=== Section Start ===

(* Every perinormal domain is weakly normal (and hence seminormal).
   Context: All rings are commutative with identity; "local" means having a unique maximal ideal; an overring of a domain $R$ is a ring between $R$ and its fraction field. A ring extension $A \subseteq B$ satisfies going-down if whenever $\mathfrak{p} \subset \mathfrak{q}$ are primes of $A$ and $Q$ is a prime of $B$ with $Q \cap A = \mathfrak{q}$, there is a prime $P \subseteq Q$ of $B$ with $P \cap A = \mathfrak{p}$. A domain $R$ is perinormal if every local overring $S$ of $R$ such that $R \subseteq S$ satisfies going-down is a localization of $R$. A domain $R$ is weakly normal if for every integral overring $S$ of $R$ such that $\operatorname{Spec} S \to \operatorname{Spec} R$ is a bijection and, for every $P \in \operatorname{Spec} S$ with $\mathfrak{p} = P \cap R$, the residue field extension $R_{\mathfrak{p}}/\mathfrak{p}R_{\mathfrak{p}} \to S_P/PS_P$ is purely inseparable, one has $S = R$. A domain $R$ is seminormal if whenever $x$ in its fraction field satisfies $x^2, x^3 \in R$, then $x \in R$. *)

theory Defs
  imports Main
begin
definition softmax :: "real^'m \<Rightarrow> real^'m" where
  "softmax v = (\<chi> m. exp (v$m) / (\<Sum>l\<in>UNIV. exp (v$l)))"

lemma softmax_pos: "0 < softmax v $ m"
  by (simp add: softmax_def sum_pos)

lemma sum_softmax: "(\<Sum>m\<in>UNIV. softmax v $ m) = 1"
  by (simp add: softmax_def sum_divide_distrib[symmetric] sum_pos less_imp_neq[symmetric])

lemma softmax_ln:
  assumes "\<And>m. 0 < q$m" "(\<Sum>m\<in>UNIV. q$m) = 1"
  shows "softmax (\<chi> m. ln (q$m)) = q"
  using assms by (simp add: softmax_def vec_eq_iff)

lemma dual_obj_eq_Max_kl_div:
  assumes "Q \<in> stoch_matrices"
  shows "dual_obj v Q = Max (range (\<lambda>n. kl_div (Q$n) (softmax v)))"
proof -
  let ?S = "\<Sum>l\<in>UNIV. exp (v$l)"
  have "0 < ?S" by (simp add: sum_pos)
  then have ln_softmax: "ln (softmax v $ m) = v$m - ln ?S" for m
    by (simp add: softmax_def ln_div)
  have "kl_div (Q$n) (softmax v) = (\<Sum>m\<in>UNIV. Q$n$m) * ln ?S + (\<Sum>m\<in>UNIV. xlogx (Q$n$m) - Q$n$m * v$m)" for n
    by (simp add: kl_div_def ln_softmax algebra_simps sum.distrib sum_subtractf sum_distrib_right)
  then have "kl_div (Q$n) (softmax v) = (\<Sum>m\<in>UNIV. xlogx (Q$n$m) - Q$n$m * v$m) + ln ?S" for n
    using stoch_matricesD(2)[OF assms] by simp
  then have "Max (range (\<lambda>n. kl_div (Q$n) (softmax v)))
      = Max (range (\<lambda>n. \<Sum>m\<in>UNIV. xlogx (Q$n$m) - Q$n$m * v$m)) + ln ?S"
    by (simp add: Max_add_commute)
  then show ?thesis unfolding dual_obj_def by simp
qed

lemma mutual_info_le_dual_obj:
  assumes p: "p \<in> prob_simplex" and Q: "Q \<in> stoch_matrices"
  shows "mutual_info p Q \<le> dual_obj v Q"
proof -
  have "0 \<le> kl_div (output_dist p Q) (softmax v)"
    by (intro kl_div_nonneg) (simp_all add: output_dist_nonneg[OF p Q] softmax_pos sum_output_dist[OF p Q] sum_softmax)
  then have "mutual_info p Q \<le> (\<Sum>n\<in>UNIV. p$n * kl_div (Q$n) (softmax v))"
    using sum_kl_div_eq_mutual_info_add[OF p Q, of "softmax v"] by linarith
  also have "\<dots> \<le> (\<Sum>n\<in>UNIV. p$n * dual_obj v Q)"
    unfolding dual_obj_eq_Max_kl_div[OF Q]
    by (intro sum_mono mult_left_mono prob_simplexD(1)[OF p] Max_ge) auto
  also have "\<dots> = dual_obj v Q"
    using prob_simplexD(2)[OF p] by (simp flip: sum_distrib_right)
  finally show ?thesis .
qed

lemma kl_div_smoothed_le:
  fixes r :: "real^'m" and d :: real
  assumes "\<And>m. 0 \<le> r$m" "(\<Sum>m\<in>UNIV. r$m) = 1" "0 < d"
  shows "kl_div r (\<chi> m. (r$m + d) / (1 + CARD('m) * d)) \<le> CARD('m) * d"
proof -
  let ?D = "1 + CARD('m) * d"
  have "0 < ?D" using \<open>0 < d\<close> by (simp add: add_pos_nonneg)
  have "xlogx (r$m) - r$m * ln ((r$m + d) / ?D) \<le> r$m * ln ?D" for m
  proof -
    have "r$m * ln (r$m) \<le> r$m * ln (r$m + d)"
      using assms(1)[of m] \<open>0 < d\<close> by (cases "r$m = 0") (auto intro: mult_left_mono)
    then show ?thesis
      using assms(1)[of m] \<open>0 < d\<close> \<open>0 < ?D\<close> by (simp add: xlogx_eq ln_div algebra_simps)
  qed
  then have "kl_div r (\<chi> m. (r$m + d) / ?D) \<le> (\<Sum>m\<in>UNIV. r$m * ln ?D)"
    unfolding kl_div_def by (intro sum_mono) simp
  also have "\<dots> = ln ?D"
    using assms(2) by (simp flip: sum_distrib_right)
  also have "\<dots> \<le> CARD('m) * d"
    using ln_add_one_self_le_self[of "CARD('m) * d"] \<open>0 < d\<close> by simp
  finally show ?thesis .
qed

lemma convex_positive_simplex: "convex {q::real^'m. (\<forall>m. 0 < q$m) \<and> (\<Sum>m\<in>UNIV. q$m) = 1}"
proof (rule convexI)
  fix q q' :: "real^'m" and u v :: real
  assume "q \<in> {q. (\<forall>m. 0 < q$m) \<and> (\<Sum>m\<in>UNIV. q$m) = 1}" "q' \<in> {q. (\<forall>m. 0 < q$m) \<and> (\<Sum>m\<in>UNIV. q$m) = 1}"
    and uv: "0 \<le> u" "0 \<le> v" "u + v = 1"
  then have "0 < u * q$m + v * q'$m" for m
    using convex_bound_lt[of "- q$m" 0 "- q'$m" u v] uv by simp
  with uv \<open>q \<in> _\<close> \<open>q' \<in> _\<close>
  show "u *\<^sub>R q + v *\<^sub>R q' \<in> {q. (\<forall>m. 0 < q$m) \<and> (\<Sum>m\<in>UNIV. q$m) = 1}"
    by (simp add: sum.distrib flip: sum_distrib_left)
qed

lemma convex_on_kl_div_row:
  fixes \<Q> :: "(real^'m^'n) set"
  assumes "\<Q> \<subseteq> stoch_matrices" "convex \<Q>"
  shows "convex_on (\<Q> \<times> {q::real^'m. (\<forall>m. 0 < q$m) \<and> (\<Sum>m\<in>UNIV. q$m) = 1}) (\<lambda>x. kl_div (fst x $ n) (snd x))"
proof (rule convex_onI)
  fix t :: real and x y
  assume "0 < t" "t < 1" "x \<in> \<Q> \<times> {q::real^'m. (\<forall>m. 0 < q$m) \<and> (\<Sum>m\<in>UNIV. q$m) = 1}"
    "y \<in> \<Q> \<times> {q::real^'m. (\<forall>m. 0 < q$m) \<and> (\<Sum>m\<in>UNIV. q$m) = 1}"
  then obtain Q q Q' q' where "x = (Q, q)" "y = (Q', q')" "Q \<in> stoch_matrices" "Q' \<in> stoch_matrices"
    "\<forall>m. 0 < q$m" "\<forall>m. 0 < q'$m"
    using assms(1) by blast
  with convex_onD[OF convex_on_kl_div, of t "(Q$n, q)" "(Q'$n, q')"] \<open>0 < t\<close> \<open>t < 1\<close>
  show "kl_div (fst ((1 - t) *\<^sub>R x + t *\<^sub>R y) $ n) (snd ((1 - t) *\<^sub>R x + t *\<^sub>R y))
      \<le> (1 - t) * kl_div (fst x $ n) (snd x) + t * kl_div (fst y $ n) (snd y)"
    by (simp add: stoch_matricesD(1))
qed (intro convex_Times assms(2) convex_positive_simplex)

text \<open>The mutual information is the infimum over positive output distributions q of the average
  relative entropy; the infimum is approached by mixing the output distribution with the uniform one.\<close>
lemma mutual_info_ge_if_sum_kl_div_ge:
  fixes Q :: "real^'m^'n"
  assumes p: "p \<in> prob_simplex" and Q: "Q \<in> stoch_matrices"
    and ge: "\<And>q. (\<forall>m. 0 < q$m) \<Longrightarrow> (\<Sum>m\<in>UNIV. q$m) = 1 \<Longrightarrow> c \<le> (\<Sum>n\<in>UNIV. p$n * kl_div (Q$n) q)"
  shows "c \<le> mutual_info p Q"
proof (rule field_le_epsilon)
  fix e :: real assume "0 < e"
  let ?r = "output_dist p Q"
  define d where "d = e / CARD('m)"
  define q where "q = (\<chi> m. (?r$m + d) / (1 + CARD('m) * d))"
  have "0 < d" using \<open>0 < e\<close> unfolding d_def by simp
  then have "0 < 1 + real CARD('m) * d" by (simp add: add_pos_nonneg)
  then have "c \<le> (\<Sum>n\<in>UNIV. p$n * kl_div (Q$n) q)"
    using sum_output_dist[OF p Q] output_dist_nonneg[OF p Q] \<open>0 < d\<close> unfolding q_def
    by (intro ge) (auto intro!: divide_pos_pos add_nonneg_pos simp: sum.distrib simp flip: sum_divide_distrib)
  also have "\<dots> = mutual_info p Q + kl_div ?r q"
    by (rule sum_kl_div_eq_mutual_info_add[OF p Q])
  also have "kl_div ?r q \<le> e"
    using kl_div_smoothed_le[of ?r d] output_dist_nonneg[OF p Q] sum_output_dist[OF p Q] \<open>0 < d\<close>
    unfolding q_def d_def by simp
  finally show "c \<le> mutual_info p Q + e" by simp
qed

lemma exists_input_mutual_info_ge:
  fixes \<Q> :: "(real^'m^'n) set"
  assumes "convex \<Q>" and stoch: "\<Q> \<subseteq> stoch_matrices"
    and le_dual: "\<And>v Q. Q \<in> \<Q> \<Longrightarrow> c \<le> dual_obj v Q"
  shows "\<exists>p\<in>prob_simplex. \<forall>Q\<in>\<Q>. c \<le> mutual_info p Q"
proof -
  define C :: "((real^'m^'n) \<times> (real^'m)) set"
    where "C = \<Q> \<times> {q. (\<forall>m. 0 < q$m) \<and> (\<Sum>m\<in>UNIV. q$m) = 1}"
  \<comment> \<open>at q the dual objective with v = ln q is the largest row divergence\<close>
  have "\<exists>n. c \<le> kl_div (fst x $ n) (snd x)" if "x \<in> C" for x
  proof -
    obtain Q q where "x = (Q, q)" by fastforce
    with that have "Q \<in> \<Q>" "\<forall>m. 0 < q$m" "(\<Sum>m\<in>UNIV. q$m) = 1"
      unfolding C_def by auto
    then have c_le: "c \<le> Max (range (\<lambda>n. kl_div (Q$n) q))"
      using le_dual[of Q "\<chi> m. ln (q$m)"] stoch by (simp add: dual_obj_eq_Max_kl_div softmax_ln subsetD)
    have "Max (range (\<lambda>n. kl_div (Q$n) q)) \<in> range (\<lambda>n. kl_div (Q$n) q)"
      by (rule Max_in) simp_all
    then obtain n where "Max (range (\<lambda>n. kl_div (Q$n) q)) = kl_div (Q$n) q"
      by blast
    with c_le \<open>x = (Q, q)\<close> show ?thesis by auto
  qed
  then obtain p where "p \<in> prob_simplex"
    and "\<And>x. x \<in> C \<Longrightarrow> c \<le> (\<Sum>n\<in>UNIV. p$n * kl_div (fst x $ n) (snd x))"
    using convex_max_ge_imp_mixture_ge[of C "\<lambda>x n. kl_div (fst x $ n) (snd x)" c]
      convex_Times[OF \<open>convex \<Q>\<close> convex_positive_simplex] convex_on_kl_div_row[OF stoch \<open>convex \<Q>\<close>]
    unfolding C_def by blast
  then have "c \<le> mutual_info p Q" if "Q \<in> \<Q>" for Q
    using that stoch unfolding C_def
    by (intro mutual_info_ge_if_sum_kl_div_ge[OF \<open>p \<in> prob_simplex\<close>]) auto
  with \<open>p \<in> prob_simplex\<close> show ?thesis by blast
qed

=== Section End ===

▶ _TO DO_: If a line in the entries above holds "shows", include it in the count; report nothing but the resulting number.

▶ _THE COMPLETED TASK_: 7